Stored items
--- START ---

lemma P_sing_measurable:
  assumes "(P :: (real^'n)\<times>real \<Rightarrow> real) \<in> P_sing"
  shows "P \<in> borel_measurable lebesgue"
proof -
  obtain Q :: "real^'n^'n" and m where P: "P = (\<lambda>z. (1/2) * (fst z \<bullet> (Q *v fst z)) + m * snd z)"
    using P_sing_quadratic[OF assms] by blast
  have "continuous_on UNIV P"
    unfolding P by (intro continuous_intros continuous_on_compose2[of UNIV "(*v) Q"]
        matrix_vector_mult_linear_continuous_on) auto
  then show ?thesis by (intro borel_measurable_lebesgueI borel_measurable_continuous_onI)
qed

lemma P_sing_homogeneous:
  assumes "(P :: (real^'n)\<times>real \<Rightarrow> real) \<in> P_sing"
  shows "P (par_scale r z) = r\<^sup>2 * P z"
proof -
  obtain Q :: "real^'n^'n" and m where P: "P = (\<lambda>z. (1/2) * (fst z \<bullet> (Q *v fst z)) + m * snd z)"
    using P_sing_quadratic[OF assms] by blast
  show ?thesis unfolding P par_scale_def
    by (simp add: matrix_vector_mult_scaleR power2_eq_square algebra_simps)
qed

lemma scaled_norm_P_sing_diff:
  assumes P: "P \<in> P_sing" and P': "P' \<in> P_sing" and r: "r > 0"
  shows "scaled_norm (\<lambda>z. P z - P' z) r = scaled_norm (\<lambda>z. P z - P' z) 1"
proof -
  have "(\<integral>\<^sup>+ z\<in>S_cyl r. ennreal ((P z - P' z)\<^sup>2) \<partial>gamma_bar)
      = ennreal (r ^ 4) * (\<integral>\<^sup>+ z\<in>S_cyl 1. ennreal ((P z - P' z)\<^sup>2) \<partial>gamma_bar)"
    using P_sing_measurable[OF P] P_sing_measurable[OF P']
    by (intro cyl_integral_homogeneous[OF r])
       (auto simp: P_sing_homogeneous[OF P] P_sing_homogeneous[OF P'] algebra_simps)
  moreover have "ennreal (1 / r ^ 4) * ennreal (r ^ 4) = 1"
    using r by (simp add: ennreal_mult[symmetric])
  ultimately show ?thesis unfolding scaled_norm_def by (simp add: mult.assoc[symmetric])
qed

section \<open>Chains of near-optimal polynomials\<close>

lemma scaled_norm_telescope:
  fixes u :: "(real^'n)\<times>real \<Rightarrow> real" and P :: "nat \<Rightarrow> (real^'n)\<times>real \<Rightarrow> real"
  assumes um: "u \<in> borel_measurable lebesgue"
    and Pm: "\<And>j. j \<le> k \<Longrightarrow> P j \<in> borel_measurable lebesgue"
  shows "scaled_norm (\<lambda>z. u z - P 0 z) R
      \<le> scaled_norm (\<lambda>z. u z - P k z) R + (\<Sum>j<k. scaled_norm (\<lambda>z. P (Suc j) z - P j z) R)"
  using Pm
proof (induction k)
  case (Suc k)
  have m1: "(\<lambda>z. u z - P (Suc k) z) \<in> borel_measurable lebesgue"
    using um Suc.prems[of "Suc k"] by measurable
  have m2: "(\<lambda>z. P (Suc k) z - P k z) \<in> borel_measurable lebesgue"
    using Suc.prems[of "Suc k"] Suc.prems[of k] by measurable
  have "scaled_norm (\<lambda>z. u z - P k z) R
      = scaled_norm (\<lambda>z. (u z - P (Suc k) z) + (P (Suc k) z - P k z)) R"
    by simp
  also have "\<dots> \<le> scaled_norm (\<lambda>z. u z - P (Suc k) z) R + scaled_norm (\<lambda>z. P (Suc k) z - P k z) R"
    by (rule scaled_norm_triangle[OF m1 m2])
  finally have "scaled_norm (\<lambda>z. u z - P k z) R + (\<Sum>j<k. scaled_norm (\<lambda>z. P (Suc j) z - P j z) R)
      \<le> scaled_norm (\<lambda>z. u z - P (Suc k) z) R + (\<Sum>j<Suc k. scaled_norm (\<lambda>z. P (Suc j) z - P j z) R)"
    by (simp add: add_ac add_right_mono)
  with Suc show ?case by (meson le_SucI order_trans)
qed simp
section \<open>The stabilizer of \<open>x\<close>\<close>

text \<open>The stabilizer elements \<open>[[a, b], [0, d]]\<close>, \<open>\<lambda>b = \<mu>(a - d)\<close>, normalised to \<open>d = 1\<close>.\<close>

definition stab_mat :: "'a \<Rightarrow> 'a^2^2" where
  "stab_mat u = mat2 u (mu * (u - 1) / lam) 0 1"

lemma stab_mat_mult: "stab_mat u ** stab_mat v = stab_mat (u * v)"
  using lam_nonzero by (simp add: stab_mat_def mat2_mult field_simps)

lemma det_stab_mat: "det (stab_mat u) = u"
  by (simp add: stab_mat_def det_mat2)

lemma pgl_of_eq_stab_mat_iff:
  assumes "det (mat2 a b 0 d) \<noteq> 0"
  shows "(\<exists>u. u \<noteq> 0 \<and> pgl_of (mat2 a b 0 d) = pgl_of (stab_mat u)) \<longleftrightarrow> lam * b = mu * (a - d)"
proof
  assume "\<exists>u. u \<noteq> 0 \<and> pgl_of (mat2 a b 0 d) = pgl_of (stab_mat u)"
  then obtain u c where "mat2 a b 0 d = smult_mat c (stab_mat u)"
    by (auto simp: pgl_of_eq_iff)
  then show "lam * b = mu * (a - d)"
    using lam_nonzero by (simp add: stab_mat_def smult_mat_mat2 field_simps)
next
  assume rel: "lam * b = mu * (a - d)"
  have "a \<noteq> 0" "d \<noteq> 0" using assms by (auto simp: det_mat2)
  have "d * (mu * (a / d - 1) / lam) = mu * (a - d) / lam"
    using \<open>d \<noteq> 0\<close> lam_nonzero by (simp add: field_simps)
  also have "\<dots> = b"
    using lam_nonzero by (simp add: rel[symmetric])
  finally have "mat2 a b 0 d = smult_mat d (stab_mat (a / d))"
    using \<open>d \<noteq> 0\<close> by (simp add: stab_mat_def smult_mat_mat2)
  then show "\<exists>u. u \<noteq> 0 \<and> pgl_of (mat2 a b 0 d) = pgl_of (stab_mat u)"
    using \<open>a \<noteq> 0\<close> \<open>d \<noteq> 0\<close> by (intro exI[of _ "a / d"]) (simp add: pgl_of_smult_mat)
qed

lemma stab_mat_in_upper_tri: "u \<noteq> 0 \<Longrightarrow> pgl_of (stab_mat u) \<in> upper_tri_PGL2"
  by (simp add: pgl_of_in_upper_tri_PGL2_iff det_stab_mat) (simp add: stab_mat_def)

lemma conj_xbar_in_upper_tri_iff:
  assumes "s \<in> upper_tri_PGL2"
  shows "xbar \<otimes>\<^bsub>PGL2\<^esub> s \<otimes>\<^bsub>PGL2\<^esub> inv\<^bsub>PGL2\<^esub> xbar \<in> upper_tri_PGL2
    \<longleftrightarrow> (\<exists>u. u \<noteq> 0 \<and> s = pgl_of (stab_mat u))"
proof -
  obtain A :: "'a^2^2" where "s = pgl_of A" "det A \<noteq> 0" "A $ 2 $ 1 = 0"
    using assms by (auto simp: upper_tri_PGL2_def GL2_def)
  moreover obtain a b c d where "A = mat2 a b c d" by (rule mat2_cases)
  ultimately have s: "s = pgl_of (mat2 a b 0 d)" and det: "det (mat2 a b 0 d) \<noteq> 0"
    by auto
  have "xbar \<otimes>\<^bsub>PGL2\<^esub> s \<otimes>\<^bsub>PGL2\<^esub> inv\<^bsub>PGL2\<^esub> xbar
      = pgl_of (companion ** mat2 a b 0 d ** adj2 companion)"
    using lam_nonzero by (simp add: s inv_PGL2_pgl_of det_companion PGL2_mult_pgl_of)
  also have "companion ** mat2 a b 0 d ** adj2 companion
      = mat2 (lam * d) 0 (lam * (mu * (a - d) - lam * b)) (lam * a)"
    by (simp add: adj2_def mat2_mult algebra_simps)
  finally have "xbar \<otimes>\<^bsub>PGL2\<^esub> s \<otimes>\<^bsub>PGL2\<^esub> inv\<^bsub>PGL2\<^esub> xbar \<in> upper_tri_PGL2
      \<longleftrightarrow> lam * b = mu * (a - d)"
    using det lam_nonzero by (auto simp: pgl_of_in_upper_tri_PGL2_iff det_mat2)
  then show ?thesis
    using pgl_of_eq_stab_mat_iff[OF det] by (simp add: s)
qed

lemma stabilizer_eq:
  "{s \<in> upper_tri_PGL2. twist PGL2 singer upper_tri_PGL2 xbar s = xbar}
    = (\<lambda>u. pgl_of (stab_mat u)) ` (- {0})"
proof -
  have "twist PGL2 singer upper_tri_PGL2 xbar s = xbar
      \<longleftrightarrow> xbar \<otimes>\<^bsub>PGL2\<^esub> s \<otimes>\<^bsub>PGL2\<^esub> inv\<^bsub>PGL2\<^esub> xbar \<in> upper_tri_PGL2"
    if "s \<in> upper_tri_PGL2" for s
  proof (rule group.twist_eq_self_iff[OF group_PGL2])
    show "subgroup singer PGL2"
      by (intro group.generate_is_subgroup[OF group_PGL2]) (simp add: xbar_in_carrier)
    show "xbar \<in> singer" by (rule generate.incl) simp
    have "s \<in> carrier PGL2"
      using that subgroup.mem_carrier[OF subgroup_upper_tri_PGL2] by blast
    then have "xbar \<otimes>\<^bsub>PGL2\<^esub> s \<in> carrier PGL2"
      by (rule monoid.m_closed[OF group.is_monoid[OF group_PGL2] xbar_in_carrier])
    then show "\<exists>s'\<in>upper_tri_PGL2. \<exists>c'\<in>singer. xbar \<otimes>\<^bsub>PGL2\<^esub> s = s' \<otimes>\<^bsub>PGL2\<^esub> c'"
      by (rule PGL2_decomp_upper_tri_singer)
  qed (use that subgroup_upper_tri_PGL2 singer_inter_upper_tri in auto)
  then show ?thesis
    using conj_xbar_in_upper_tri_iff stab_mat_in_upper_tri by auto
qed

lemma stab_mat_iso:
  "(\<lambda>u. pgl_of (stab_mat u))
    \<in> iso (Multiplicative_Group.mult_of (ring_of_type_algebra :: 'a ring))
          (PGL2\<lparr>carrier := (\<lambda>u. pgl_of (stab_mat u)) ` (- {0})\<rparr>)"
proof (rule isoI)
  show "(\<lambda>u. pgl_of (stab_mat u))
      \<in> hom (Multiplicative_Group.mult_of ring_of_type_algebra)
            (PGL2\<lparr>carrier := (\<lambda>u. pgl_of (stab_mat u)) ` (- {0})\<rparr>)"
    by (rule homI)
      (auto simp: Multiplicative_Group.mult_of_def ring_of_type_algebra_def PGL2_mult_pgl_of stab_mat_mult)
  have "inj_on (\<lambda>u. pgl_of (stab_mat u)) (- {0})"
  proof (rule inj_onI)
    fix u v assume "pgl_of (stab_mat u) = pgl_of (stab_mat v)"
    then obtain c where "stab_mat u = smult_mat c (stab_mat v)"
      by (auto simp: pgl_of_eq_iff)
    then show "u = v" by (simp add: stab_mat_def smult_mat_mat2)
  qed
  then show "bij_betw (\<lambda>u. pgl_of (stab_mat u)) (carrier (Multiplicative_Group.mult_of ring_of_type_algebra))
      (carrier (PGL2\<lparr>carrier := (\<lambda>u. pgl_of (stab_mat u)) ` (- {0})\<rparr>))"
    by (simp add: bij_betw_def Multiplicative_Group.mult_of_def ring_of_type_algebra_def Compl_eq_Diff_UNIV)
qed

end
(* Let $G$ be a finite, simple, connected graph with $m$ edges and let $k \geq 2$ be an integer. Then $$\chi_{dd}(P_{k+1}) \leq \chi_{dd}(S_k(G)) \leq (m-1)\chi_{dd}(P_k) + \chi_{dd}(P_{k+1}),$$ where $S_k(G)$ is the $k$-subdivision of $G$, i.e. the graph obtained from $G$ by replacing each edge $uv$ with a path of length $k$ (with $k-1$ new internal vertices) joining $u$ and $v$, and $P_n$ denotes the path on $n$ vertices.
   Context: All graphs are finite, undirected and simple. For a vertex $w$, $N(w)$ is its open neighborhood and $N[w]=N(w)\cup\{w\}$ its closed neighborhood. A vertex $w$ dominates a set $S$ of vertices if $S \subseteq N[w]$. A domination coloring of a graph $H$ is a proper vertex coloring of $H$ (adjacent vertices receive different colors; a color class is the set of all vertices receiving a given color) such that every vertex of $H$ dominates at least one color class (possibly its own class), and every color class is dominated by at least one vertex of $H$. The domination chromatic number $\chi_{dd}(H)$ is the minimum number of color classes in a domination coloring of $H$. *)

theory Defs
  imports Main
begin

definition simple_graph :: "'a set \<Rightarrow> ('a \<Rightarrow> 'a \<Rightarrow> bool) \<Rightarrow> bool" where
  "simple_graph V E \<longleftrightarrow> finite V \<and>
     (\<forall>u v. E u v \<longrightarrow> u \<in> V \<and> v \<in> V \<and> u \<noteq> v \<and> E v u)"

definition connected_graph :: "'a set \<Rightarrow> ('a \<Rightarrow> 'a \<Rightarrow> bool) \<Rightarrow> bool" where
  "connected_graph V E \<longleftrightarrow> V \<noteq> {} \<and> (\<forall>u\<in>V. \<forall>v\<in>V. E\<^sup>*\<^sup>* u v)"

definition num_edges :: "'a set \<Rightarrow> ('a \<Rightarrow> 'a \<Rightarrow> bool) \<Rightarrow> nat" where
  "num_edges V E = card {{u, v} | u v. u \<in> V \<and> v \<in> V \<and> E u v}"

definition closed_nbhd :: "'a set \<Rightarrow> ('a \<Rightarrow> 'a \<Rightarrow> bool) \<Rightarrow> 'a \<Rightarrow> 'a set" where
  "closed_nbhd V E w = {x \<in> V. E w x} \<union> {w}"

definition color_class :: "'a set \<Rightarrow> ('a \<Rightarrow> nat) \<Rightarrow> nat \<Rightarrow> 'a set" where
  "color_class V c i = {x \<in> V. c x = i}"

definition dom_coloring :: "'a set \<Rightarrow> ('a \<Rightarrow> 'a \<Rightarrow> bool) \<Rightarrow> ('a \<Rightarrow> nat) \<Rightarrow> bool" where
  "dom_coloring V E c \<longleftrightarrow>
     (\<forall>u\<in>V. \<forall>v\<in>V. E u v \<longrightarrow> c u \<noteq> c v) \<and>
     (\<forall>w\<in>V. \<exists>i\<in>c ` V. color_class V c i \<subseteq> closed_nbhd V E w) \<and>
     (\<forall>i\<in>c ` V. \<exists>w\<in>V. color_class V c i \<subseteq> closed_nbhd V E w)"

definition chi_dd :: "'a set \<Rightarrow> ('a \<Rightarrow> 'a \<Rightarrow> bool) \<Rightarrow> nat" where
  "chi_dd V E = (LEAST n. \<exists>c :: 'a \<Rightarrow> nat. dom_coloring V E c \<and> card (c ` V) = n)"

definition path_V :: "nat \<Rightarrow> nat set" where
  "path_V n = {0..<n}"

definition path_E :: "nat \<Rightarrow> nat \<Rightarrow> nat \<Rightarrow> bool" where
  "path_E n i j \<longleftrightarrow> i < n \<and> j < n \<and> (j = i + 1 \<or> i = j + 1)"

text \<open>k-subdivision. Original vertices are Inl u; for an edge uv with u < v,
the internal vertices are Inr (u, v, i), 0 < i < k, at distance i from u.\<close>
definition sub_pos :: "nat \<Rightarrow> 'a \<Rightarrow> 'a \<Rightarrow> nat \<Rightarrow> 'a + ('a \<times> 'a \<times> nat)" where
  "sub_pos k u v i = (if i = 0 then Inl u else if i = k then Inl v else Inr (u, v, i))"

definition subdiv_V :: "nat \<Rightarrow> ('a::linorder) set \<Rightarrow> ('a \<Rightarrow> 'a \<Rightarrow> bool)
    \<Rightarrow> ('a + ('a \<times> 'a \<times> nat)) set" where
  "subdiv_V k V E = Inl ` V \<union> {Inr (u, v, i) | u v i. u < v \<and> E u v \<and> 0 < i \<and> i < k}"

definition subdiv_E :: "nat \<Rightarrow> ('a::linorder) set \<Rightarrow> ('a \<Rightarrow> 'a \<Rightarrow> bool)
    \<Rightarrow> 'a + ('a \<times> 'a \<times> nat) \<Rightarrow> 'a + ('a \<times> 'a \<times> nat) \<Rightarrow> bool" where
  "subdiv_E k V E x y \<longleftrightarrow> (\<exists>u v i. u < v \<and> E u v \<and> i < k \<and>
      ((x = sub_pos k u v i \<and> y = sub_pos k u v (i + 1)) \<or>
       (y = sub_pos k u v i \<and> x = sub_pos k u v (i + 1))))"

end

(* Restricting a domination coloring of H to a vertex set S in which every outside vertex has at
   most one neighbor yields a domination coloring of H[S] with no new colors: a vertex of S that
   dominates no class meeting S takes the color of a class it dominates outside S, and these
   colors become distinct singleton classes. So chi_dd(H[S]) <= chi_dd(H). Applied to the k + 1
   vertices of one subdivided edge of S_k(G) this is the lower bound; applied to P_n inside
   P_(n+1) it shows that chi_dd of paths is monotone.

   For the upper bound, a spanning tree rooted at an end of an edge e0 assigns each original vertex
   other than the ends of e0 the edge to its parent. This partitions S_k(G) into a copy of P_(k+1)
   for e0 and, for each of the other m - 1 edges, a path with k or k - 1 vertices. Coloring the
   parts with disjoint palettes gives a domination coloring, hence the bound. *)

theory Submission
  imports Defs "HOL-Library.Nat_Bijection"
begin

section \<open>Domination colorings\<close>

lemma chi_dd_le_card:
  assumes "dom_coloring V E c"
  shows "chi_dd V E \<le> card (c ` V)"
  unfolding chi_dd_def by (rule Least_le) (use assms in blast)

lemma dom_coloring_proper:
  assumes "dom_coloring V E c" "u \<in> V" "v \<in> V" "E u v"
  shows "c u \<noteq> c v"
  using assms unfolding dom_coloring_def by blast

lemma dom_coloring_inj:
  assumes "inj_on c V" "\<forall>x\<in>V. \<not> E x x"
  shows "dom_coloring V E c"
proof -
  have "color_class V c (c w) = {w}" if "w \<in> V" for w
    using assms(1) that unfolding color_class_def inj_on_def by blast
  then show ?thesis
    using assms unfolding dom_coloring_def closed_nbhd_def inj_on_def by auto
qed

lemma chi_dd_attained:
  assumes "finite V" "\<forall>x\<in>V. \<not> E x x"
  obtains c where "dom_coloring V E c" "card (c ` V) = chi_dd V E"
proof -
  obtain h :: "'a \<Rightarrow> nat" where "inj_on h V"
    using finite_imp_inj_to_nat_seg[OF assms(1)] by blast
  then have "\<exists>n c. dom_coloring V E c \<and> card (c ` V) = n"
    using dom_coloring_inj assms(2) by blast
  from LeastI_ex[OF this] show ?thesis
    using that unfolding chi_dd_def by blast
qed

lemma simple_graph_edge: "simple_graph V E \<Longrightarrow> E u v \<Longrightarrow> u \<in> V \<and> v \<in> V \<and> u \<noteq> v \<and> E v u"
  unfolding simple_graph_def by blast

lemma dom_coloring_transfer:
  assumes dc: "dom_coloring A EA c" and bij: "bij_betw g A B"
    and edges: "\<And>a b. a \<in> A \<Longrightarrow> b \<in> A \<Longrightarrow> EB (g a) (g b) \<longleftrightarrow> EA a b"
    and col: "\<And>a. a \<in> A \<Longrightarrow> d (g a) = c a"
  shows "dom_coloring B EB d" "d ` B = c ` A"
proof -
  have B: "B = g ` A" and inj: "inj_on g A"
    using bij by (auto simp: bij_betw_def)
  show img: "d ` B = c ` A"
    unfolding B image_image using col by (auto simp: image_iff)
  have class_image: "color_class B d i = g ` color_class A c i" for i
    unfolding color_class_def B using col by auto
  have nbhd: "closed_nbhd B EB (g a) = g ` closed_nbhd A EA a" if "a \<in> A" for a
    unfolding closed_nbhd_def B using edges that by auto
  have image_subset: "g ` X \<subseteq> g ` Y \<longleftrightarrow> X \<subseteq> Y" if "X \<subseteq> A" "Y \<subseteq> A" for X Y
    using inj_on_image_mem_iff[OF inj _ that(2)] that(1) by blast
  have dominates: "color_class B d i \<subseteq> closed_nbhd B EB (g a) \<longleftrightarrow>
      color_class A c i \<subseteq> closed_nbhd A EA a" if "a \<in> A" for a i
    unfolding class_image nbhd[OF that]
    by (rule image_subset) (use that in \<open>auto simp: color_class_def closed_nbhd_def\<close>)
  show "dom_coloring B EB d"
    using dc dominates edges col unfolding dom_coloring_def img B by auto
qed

--- END ---

WHAT THE TASK ASKS → Copy the lines of the data above exactly as written, beginning with the line containing "colors become distinct" and ending with the line containing "For the upper", and leave out all other lines.

RESPONSE BOX →
   colors become distinct singleton classes. So chi_dd(H[S]) <= chi_dd(H). Applied to the k + 1
   vertices of one subdivided edge of S_k(G) this is the lower bound; applied to P_n inside
   P_(n+1) it shows that chi_dd of paths is monotone.

   For the upper bound, a spanning tree rooted at an end of an edge e0 assigns each original vertex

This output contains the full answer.